Fecha
Del 26 de enero del 2025 al 21 de abril del 2025
Espacio / Sala
Patio de las Esculturas
En el Patio de las Esculturas, el artista Leo Marz muestra dos obras de sitio específico dentro de la exhibición They Stare at You From Billions of Years Ago (Te observan desde hace miles de millones de años), que analiza ampliamente la cultura de la “viralidad” en redes sociales.
La nueva propuesta de Marz parte del concepto filosófico de hiperrealidad, planteado por Jean Baudrillard y para referirse a las estrategias de simulacro en la época contemporánea, donde la realidad es presentada a través de imágenes falsas, editadas o distorsionadas, borrando la frontera con la ficción. También, el artista aborda cómo distintos sucesos puedan ser simultáneos a pesar de estar ubicados en diferentes momentos temporales, ambos aspectos marcados por el consumo de información mediática y de redes sociales.
“El cuerpo de obra que estoy trabajando ahora parte sobre cómo en este momento las personas van de una realidad a otra y no hay diferencia entre lo virtual y lo real en la vida cotidiana, porque esa experiencia que tenemos en el espacio virtual manipula la manera en que entendemos la realidad”, explica el artista nacido en Jalisco que vive y trabaja en Monterrey.
“Me interesa la forma en que se yuxtaponen las experiencias, y mi preocupación no solo es la imagen, sino la manera en que se materializa la realidad. La pintura me permite ralentizar el tiempo para leer la escena, por un lado, la forma en que las personas se convierten en un objeto al representarse en una selfie en su celular, por otro, el celular se transforma de un objeto a un espacio, que son las redes sociales”.
Una de las obras es They Stare At You From Billions of Years Ago (2023) un mural en el que aplicó pintura acrílica utilizando sus huellas digitales sobre un fondo blanco. Alternando dos tonos de grises, las huellas dactilares crean un efecto visual semejante al ruido blanco o nieve, un patrón que aparecía en la televisión análoga cuando la señal era débil o nula, normalmente acompañada de un sonido particular, algo que en las señales digitales ya no existe. Además de la nostalgia que implica, al artista le interesa retomarlo porque se estima que un 1% de ese ruido blanco es provocado por la radiación cósmica del Big Bang, de acuerdo a investigaciones de los astrónomos Penzias y Wilson en la década de los 60.

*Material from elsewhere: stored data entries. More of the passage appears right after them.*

(* Let $b(r),h(r)$ be smooth positive functions on an interval of $r>0$ and consider the metric $ds^2=-b^2dt^2+\dfrac{h^2}{b^2}dr^2+r^2(d\theta^2+\sin^2\theta\,d\phi^2)$. Let $\kappa_1,\kappa_2,\kappa_3$ be constants and $$K_{kl}=(\kappa_2r^2-2\kappa_3b^2)u_ku_l+(\kappa_1+2\kappa_2r^2+\kappa_3b^2)g_{kl}-\kappa_2r^2\,\chi_k\chi_l,$$ and let $T_{kl}=(\mu+p_\perp)u_ku_l+p_\perp g_{kl}+(p_r-p_\perp)\chi_k\chi_l$ be an anisotropic fluid stress-energy tensor with functions $\mu(r),p_r(r),p_\perp(r)$. Suppose the conformal Killing gravity field equations $R_{kl}-\tfrac12Rg_{kl}=T_{kl}+K_{kl}$ hold. Then $p_r=-\mu$ if and only if there is a constant $\kappa_4$ such that $$\frac{1}{h^2}=\kappa_3r^2+\kappa_4 .$$
   Context: $u_k$ is the unit timelike covector with components $u_0=-b$ and all others zero; $\chi_k$ is the unit radial covector with $\chi_r=h/b$ and all others zero. $R_{kl}$ is the Ricci tensor and $R$ the scalar curvature of the metric. *)

theory Defs
  imports "HOL-Analysis.Analysis"
begin

definition smooth_on :: "(real \<Rightarrow> real) \<Rightarrow> real set \<Rightarrow> bool" where
  "smooth_on f I \<longleftrightarrow> (\<forall>n. \<forall>x\<in>I. (deriv ^^ n) f differentiable (at x))"

text \<open>Points of spacetime in coordinates x 0 = t, x 1 = r, x 2 = theta, x 3 = phi
  (components with index at least 4 are irrelevant).\<close>
type_synonym pt = "nat \<Rightarrow> real"
type_synonym metric = "nat \<Rightarrow> nat \<Rightarrow> pt \<Rightarrow> real"

definition pd :: "nat \<Rightarrow> (pt \<Rightarrow> real) \<Rightarrow> pt \<Rightarrow> real" where
  "pd a f x = deriv (\<lambda>s. f (x(a := s))) (x a)"

definition inv_metric :: "metric \<Rightarrow> pt \<Rightarrow> nat \<Rightarrow> nat \<Rightarrow> real" where
  "inv_metric g x = (THE G. (\<forall>i<4. \<forall>j<4. (\<Sum>k<4. g i k x * G k j) = (if i = j then 1 else 0))
                         \<and> (\<forall>i j. \<not> (i < 4 \<and> j < 4) \<longrightarrow> G i j = 0))"

definition christoffel :: "metric \<Rightarrow> nat \<Rightarrow> nat \<Rightarrow> nat \<Rightarrow> pt \<Rightarrow> real" where
  "christoffel g k i j x = (1/2) * (\<Sum>l<4. inv_metric g x k l *
      (pd i (g j l) x + pd j (g i l) x - pd l (g i j) x))"

definition ricci :: "metric \<Rightarrow> nat \<Rightarrow> nat \<Rightarrow> pt \<Rightarrow> real" where
  "ricci g i j x = (\<Sum>k<4. pd k (christoffel g k i j) x - pd j (christoffel g k i k) x
      + (\<Sum>l<4. christoffel g k k l x * christoffel g l i j x
               - christoffel g k j l x * christoffel g l i k x))"

definition scalar_curv :: "metric \<Rightarrow> pt \<Rightarrow> real" where
  "scalar_curv g x = (\<Sum>i<4. \<Sum>j<4. inv_metric g x i j * ricci g i j x)"

definition sss_metric :: "(real \<Rightarrow> real) \<Rightarrow> (real \<Rightarrow> real) \<Rightarrow> metric" where
  "sss_metric b h i j x =
     (if i = 0 \<and> j = 0 then - ((b (x 1))^2)
      else if i = 1 \<and> j = 1 then (h (x 1))^2 / (b (x 1))^2
      else if i = 2 \<and> j = 2 then (x 1)^2
      else if i = 3 \<and> j = 3 then (x 1)^2 * (sin (x 2))^2
      else 0)"

definition u_cov :: "(real \<Rightarrow> real) \<Rightarrow> pt \<Rightarrow> nat \<Rightarrow> real" where
  "u_cov b x k = (if k = 0 then - b (x 1) else 0)"

definition chi_cov :: "(real \<Rightarrow> real) \<Rightarrow> (real \<Rightarrow> real) \<Rightarrow> pt \<Rightarrow> nat \<Rightarrow> real" where
  "chi_cov b h x k = (if k = 1 then h (x 1) / b (x 1) else 0)"

end

theory Submission
  imports Defs
begin

text \<open>Contract the field equations with the radial null vector \<open>n = u + \<chi>\<close>,
  i.e. \<open>n\<^sup>k = (1/b, b/h, 0, 0)\<close>.  Since \<open>g(n,n) = 0\<close>, every term proportional to the
  metric drops out (the scalar curvature and \<open>\<kappa>\<^sub>1\<close> in particular), and since
  \<open>u(n) = \<chi>(n) = 1\<close> the \<open>p\<^sub>\<perp>\<close>- and \<open>\<kappa>\<^sub>2\<close>-terms cancel in pairs.  On the geometric
  side the second derivatives of \<open>b\<close> cancel as well, leaving \<open>R(n,n) = 2 b\<^sup>2 h' / (r h\<^sup>3)\<close>.
  Hence \<open>\<mu> + p\<^sub>r = 2 b\<^sup>2 (\<kappa>\<^sub>3 + h' / (r h\<^sup>3)) = - (b\<^sup>2 / r) F'\<close> with
  \<open>F = 1/h\<^sup>2 - \<kappa>\<^sub>3 r\<^sup>2\<close>, so \<open>p\<^sub>r = -\<mu>\<close> holds exactly when \<open>F\<close> is constant on the interval.\<close>

lemma sum_lessThan_4: "(\<Sum>k<(4::nat). f k) = f 0 + f 1 + f 2 + (f 3 :: 'a::comm_monoid_add)"
  by (simp add: eval_nat_numeral add.assoc)

lemma constant_on_interval_iff_derivative_zero:
  fixes f f' :: "real \<Rightarrow> real"
  assumes "is_interval I" "open I" and f': "\<And>r. r \<in> I \<Longrightarrow> (f has_real_derivative f' r) (at r)"
  shows "(\<forall>r\<in>I. f' r = 0) \<longleftrightarrow> (\<exists>c. \<forall>r\<in>I. f r = c)"
proof
  assume "\<forall>r\<in>I. f' r = 0"
  then show "\<exists>c. \<forall>r\<in>I. f r = c"
    using assms f' by (intro has_field_derivative_zero_constant is_interval_convex)
      (auto intro: has_field_derivative_at_within)
next
  assume "\<exists>c. \<forall>r\<in>I. f r = c"
  then obtain c where c: "\<forall>r\<in>I. f r = c" ..
  show "\<forall>r\<in>I. f' r = 0"
  proof
    fix r assume r: "r \<in> I"
    have "eventually (\<lambda>s. f s = c) (nhds r)"
      using eventually_nhds_in_open[OF \<open>open I\<close> r] by (rule eventually_mono) (use c in auto)
    then have "deriv f r = deriv (\<lambda>_. c) r" by (rule deriv_cong_ev) simp
    then show "f' r = 0" using DERIV_imp_deriv[OF f'[OF r]] by simp
  qed
qed

lemma smooth_on_differentiable:
  assumes "smooth_on f I" "r \<in> I"
  shows "f differentiable (at r)" and "deriv f differentiable (at r)"
proof -
  have "(deriv ^^ 0) f differentiable (at r)" "(deriv ^^ 1) f differentiable (at r)"
    using assms unfolding smooth_on_def by blast+
  then show "f differentiable (at r)" "deriv f differentiable (at r)" by simp_all
qed

definition sss_regular_on :: "(real \<Rightarrow> real) \<Rightarrow> (real \<Rightarrow> real) \<Rightarrow> real set \<Rightarrow> bool" where
  "sss_regular_on b h I \<longleftrightarrow>
     (\<forall>r\<in>I. r \<noteq> 0 \<and> b r \<noteq> 0 \<and> h r \<noteq> 0 \<and> b differentiable (at r) \<and> h differentiable (at r))"

definition sss_inv_metric :: "(real \<Rightarrow> real) \<Rightarrow> (real \<Rightarrow> real) \<Rightarrow> nat \<Rightarrow> real \<Rightarrow> real \<Rightarrow> real" where
  "sss_inv_metric b h k r \<theta> = (if k = 0 then - 1 / (b r)^2 else if k = 1 then (b r)^2 / (h r)^2
     else if k = 2 then 1 / r^2 else if k = 3 then 1 / (r^2 * (sin \<theta>)^2) else 0)"

lemma inv_metric_sss_metric:
  assumes "b (x 1) \<noteq> 0" "h (x 1) \<noteq> 0" "x 1 \<noteq> 0" "sin (x 2) \<noteq> 0"
  shows "inv_metric (sss_metric b h) x = (\<lambda>k l. if k = l then sss_inv_metric b h k (x 1) (x 2) else 0)"
proof -
  let ?G = "\<lambda>k l. if k = l then sss_inv_metric b h k (x 1) (x 2) else 0"
  show ?thesis
    unfolding inv_metric_def
  proof (rule the_equality)
    show "(\<forall>i<4. \<forall>j<4. (\<Sum>k<4. sss_metric b h i k x * ?G k j) = (if i = j then 1 else 0)) \<and>
      (\<forall>i j. \<not> (i < 4 \<and> j < 4) \<longrightarrow> ?G i j = 0)"
      using assms
      by (auto simp: sum_lessThan_4 sss_metric_def sss_inv_metric_def less_Suc_eq eval_nat_numeral field_simps)
  next
    fix G
    assume G: "(\<forall>i<4. \<forall>j<4. (\<Sum>k<4. sss_metric b h i k x * G k j) = (if i = j then 1 else 0)) \<and>
      (\<forall>i j. \<not> (i < 4 \<and> j < 4) \<longrightarrow> G i j = 0)"
    show "G = ?G"
    proof (intro ext)
      fix i j
      show "G i j = ?G i j"
      proof (cases "i < 4 \<and> j < 4")
        case True
        then have "(\<Sum>k<4. sss_metric b h i k x * G k j) = (if i = j then 1 else 0)" using G by auto
        moreover have "i = 0 \<or> i = 1 \<or> i = 2 \<or> i = 3" using True by auto
        ultimately show ?thesis using assms
          by (auto simp: sum_lessThan_4 sss_metric_def sss_inv_metric_def field_simps)
      next
        case False
        then show ?thesis using G by (auto simp: sss_inv_metric_def)
      qed
    qed
  qed
qed

definition sss_metric_pd :: "(real \<Rightarrow> real) \<Rightarrow> (real \<Rightarrow> real) \<Rightarrow> nat \<Rightarrow> nat \<Rightarrow> nat \<Rightarrow> real \<Rightarrow> real \<Rightarrow> real" where
  "sss_metric_pd b h a i j r \<theta> = (if a = 1 then
       (if i = 0 \<and> j = 0 then - (2 * b r * deriv b r)
        else if i = 1 \<and> j = 1 then 2 * h r * deriv h r / (b r)^2 - 2 * (h r)^2 * deriv b r / (b r)^3
        else if i = 2 \<and> j = 2 then 2 * r
        else if i = 3 \<and> j = 3 then 2 * r * (sin \<theta>)^2 else 0)
     else if a = 2 then (if i = 3 \<and> j = 3 then 2 * r^2 * sin \<theta> * cos \<theta> else 0) else 0)"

Desde inicios de enero, el artista comenzó el mural estableciendo un patrón tanto con los colores como con sus manos, estampando sus huellas con pintura por la superficie, distribuyéndolas de manera minuciosa a una distancia similar cada una. Por la amplitud de la superficie, que es de 26 metros de largo por 5 de alto, la realización del mural requirió de varias jornadas, y el transcurso de ese tiempo para el artista es una forma de materializar el presente, marcar su presencia en un tiempo transcurrido. A su vez, la obra es un autorretrato conformado por miles de huellas dactilares, remitiéndose al uso actual de los dedos tanto para navegar por los dispositivos móviles, como para establecer una identidad biométrica.

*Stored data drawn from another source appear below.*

definition data_integrable :: "('g \<Rightarrow> nat \<Rightarrow> 's \<Rightarrow> 'u \<Rightarrow> real) \<Rightarrow> ('s \<times> nat \<times> 's \<Rightarrow> 'u measure)
    \<Rightarrow> (nat \<Rightarrow> 's \<Rightarrow> 'u \<Rightarrow> real) \<Rightarrow> nat \<Rightarrow> ('n \<Rightarrow> 's \<times> nat \<times> 's) \<Rightarrow> 'g \<Rightarrow> bool" where
  "data_integrable evl K pe m Z g \<longleftrightarrow> (\<forall>i a. a < m \<longrightarrow>
     integrable (K (Z i)) (\<lambda>u. evl g a (fst (Z i)) u) \<and>
     integrable (K (Z i)) (\<lambda>u. pe a (fst (Z i)) u * evl g a (fst (Z i)) u))"

definition Bcoef :: "('g \<Rightarrow> nat \<Rightarrow> 's \<Rightarrow> 'u \<Rightarrow> real) \<Rightarrow> ('s \<times> nat \<times> 's \<Rightarrow> 'u measure)
    \<Rightarrow> ('s \<Rightarrow> real) \<Rightarrow> (nat \<Rightarrow> 's \<Rightarrow> 'u \<Rightarrow> real) \<Rightarrow> nat \<Rightarrow> ('n::finite \<Rightarrow> 's \<times> nat \<times> 's)
    \<Rightarrow> 'g \<Rightarrow> (real ^ 'n) \<times> real" where
  "Bcoef evl K d pe m Z g =
     ((\<chi> i. hfun evl K g (Z i) / real CARD('n)),
      (\<Sum>i\<in>UNIV. kfun evl K d pe m g (Z i)) / real CARD('n))"

lemma sum_integral_ffun_eq:
  assumes "fst (snd (Z i)) < m" and "data_integrable evl K pe m Z g"
  shows "(\<Sum>a<m. \<integral>u. ffun d pe Z W i a u * evl g a (fst (Z i)) u \<partial>K (Z i))
    = W $ i * hfun evl K g (Z i) - kfun evl K d pe m g (Z i)"
proof -
  obtain s a0 s' where Zi: "Z i = (s, a0, s')" by (cases "Z i") auto
  have int: "integrable (K (Z i)) (evl g a s)" "integrable (K (Z i)) (\<lambda>u. pe a s u * evl g a s u)"
    if "a < m" for a
    using that spec[OF assms(2)[unfolded data_integrable_def], of i] by (simp_all add: Zi)
  have "(\<Sum>a<m. \<integral>u. ffun d pe Z W i a u * evl g a (fst (Z i)) u \<partial>K (Z i))
      = (\<Sum>a<m. (if a = a0 then W $ i * (\<integral>u. evl g a s u \<partial>K (Z i)) else 0)
          - d s * (\<integral>u. pe a s u * evl g a s u \<partial>K (Z i)))"
  proof (rule sum.cong[OF refl])
    fix a assume "a \<in> {..<m}"
    have "(\<lambda>u. ffun d pe Z W i a u * evl g a (fst (Z i)) u)
        = (\<lambda>u. (if a = a0 then W $ i else 0) * evl g a s u - d s * (pe a s u * evl g a s u))"
      by (auto simp: ffun_def Zi algebra_simps)
    then show "(\<integral>u. ffun d pe Z W i a u * evl g a (fst (Z i)) u \<partial>K (Z i))
        = (if a = a0 then W $ i * (\<integral>u. evl g a s u \<partial>K (Z i)) else 0)
          - d s * (\<integral>u. pe a s u * evl g a s u \<partial>K (Z i))"
      using int \<open>a \<in> {..<m}\<close> by simp
  qed
  also have "\<dots> = W $ i * hfun evl K g (Z i) - d s * (\<Sum>a<m. \<integral>u. pe a s u * evl g a s u \<partial>K (Z i))"
    using assms(1) by (simp add: sum_subtractf sum_distrib_left hfun_def Zi)
  also have "\<dots> = W $ i * hfun evl K g (Z i) - kfun evl K d pe m g (Z i)"
    using int by (simp add: kfun_def Zi integral_sum)
  finally show ?thesis .
qed

lemma Bfun_eq_inner_Bcoef:
  fixes Z :: "'n::finite \<Rightarrow> 's \<times> nat \<times> 's"
  assumes "\<And>i. fst (snd (Z i)) < m" and "data_integrable evl K pe m Z g"
  shows "Bfun evl K d pe m Z W g
    = inner W (fst (Bcoef evl K d pe m Z g)) - snd (Bcoef evl K d pe m Z g)"
proof -
  have "Bfun evl K d pe m Z W g
      = (\<Sum>i\<in>UNIV. W $ i * hfun evl K g (Z i) - kfun evl K d pe m g (Z i)) / real CARD('n)"
    unfolding Bfun_def using sum_integral_ffun_eq[OF assms(1) assms(2)] by simp
  then show ?thesis
    by (simp add: Bcoef_def inner_vec_def sum_subtractf diff_divide_distrib sum_divide_distrib)
qed

lemma data_integrable_scaleR:
  assumes "\<And>a s u. linear (\<lambda>g. evl g a s u)" and "data_integrable evl K pe m Z g"
  shows "data_integrable evl K pe m Z (c *\<^sub>R g)"
  using assms(2) linear_scale[OF assms(1)]
  by (auto simp: data_integrable_def mult.left_commute[of _ c])

lemma hfun_scaleR:
  assumes "\<And>a s u. linear (\<lambda>g. evl g a s u)"
  shows "hfun evl K (c *\<^sub>R g) z = c * hfun evl K g z"
  using linear_scale[OF assms] by (simp add: hfun_def split: prod.split)

lemma hfun_add:
  assumes "\<And>a s u. linear (\<lambda>g. evl g a s u)"
    and "integrable (K z) (evl g1 (fst (snd z)) (fst z))" "integrable (K z) (evl g2 (fst (snd z)) (fst z))"
  shows "hfun evl K (g1 + g2) z = hfun evl K g1 z + hfun evl K g2 z"
  using assms(2,3) linear_add[OF assms(1)] by (cases z rule: prod_cases3) (simp add: hfun_def)

lemma kfun_scaleR:
  assumes "\<And>a s u. linear (\<lambda>g. evl g a s u)"
  shows "kfun evl K d pe m (c *\<^sub>R g) z = c * kfun evl K d pe m g z"
proof (cases z rule: prod_cases3)
  case (fields s a s')
  have "(\<lambda>u. d s * (\<Sum>b<m. pe b s u * evl (c *\<^sub>R g) b s u))
      = (\<lambda>u. c * (d s * (\<Sum>b<m. pe b s u * evl g b s u)))"
    using linear_scale[OF assms] by (simp add: sum_distrib_left algebra_simps)
  then show ?thesis unfolding kfun_def fields prod.case by simp
qed

lemma kfun_add:
  assumes "\<And>a s u. linear (\<lambda>g. evl g a s u)"
    and "\<And>b. b < m \<Longrightarrow> integrable (K z) (\<lambda>u. pe b (fst z) u * evl g1 b (fst z) u)"
    and "\<And>b. b < m \<Longrightarrow> integrable (K z) (\<lambda>u. pe b (fst z) u * evl g2 b (fst z) u)"
  shows "kfun evl K d pe m (g1 + g2) z = kfun evl K d pe m g1 z + kfun evl K d pe m g2 z"
proof (cases z rule: prod_cases3)
  case (fields s a s')
  have "integrable (K z) (\<lambda>u. d s * (\<Sum>b<m. pe b s u * evl g1 b s u))"
    "integrable (K z) (\<lambda>u. d s * (\<Sum>b<m. pe b s u * evl g2 b s u))"
    using assms(2,3) by (auto simp: fields intro!: integrable_mult_right integrable_sum)
  moreover have "(\<lambda>u. d s * (\<Sum>b<m. pe b s u * evl (g1 + g2) b s u))
      = (\<lambda>u. d s * (\<Sum>b<m. pe b s u * evl g1 b s u) + d s * (\<Sum>b<m. pe b s u * evl g2 b s u))"
    using linear_add[OF assms(1)] by (simp add: distrib_left sum.distrib)
  ultimately show ?thesis
    unfolding kfun_def fields prod.case by (simp add: fields Bochner_Integration.integral_add)
qed

lemma Bcoef_scaleR:
  assumes "\<And>a s u. linear (\<lambda>g. evl g a s u)"
  shows "Bcoef evl K d pe m Z (c *\<^sub>R g) = c *\<^sub>R Bcoef evl K d pe m Z g"
  by (simp add: Bcoef_def hfun_scaleR[OF assms] kfun_scaleR[OF assms] vec_eq_iff sum_distrib_left)

lemma Bcoef_uminus:
  assumes "\<And>a s u. linear (\<lambda>g. evl g a s u)"
  shows "Bcoef evl K d pe m Z (- g) = - Bcoef evl K d pe m Z g"
  using Bcoef_scaleR[OF assms, where c = "- 1"] by simp

lemma Bcoef_add:
  assumes "\<And>a s u. linear (\<lambda>g. evl g a s u)" and "\<And>i. fst (snd (Z i)) < m"
    and "data_integrable evl K pe m Z g1" "data_integrable evl K pe m Z g2"
  shows "Bcoef evl K d pe m Z (g1 + g2) = Bcoef evl K d pe m Z g1 + Bcoef evl K d pe m Z g2"
proof -
  have "hfun evl K (g1 + g2) (Z i) = hfun evl K g1 (Z i) + hfun evl K g2 (Z i)"
    "kfun evl K d pe m (g1 + g2) (Z i) = kfun evl K d pe m g1 (Z i) + kfun evl K d pe m g2 (Z i)" for i
    using assms(2-4) unfolding data_integrable_def
    by (intro hfun_add kfun_add assms(1); auto)+
  then show ?thesis by (simp add: Bcoef_def vec_eq_iff sum.distrib add_divide_distrib)
qed

lemma convex_image_Bcoef:
  assumes "\<And>a s u. linear (\<lambda>g. evl g a s u)" and "\<And>i. fst (snd (Z i)) < m"
    and "convex G" and "\<And>g. g \<in> G \<Longrightarrow> data_integrable evl K pe m Z g"
  shows "convex (Bcoef evl K d pe m Z ` G)"
proof (rule convexI)
  fix x y and u v :: real
  assume "x \<in> Bcoef evl K d pe m Z ` G" "y \<in> Bcoef evl K d pe m Z ` G" "0 \<le> u" "0 \<le> v" "u + v = 1"
  then obtain g1 g2 where "g1 \<in> G" "g2 \<in> G" "x = Bcoef evl K d pe m Z g1" "y = Bcoef evl K d pe m Z g2"
    and "u *\<^sub>R g1 + v *\<^sub>R g2 \<in> G" using convexD[OF \<open>convex G\<close>] by blast
  moreover have "Bcoef evl K d pe m Z (u *\<^sub>R g1 + v *\<^sub>R g2) = u *\<^sub>R x + v *\<^sub>R y"
    using calculation
    by (simp add: Bcoef_add[OF assms(1,2)] Bcoef_scaleR[OF assms(1)]
        data_integrable_scaleR[OF assms(1)] assms(4))
  ultimately show "u *\<^sub>R x + v *\<^sub>R y \<in> Bcoef evl K d pe m Z ` G" by (metis image_eqI)
qed

lemma continuous_on_Bcoef:
  fixes Z :: "'n::finite \<Rightarrow> 's \<times> nat \<times> 's"
  assumes "\<And>z. continuous_on G (\<lambda>g. hfun evl K g z)"
    and "\<And>z. continuous_on G (\<lambda>g. kfun evl K d pe m g z)"
  shows "continuous_on G (Bcoef evl K d pe m Z)"
  unfolding Bcoef_def by (intro continuous_intros assms) auto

En el lado opuesto se encuentra la segunda obra: Complete Bliss Is Not a Full Reality (2024), una escultura de luz neón con la forma de ojos retomados de una selfie; en este caso, corresponden a los de la famosa socialité Kim Kardashian. La mirada de una de las celebridades más mediáticas del momento se despliega en la parte superior del espacio, a una altura que permite su visibilidad desde fuera del edificio, justo frente al mural, como si observara el ruido blanco. Recientemente, Marz ha realizado esculturas en latón o acero retomando ojos de selfies famosas y reales; para esta obra eligió una de Kardashian por el fenómeno que representa en la actualidad a ser una figura pública que construye una realidad no solo ante su programa, sino en redes, donde la ficción y la veracidad son manipuladas por ella misma.
En su producción, el artista Leo Marz se ha interesado por trabajar a partir de ciertos sucesos conectados de alguna manera, a pesar de estar ubicados en diferentes momentos temporales. En un contexto marcado por la inmediatez en las comunicaciones, al artista le interesa abordar el transcurso del tiempo, la relación de un momento con otro, cuestionar el concepto de tiempo real y su nivel de veracidad. La realidad y su manipulación a través de la edición o para cuestionar su nivel de ficción es otra de las constantes en su discurso.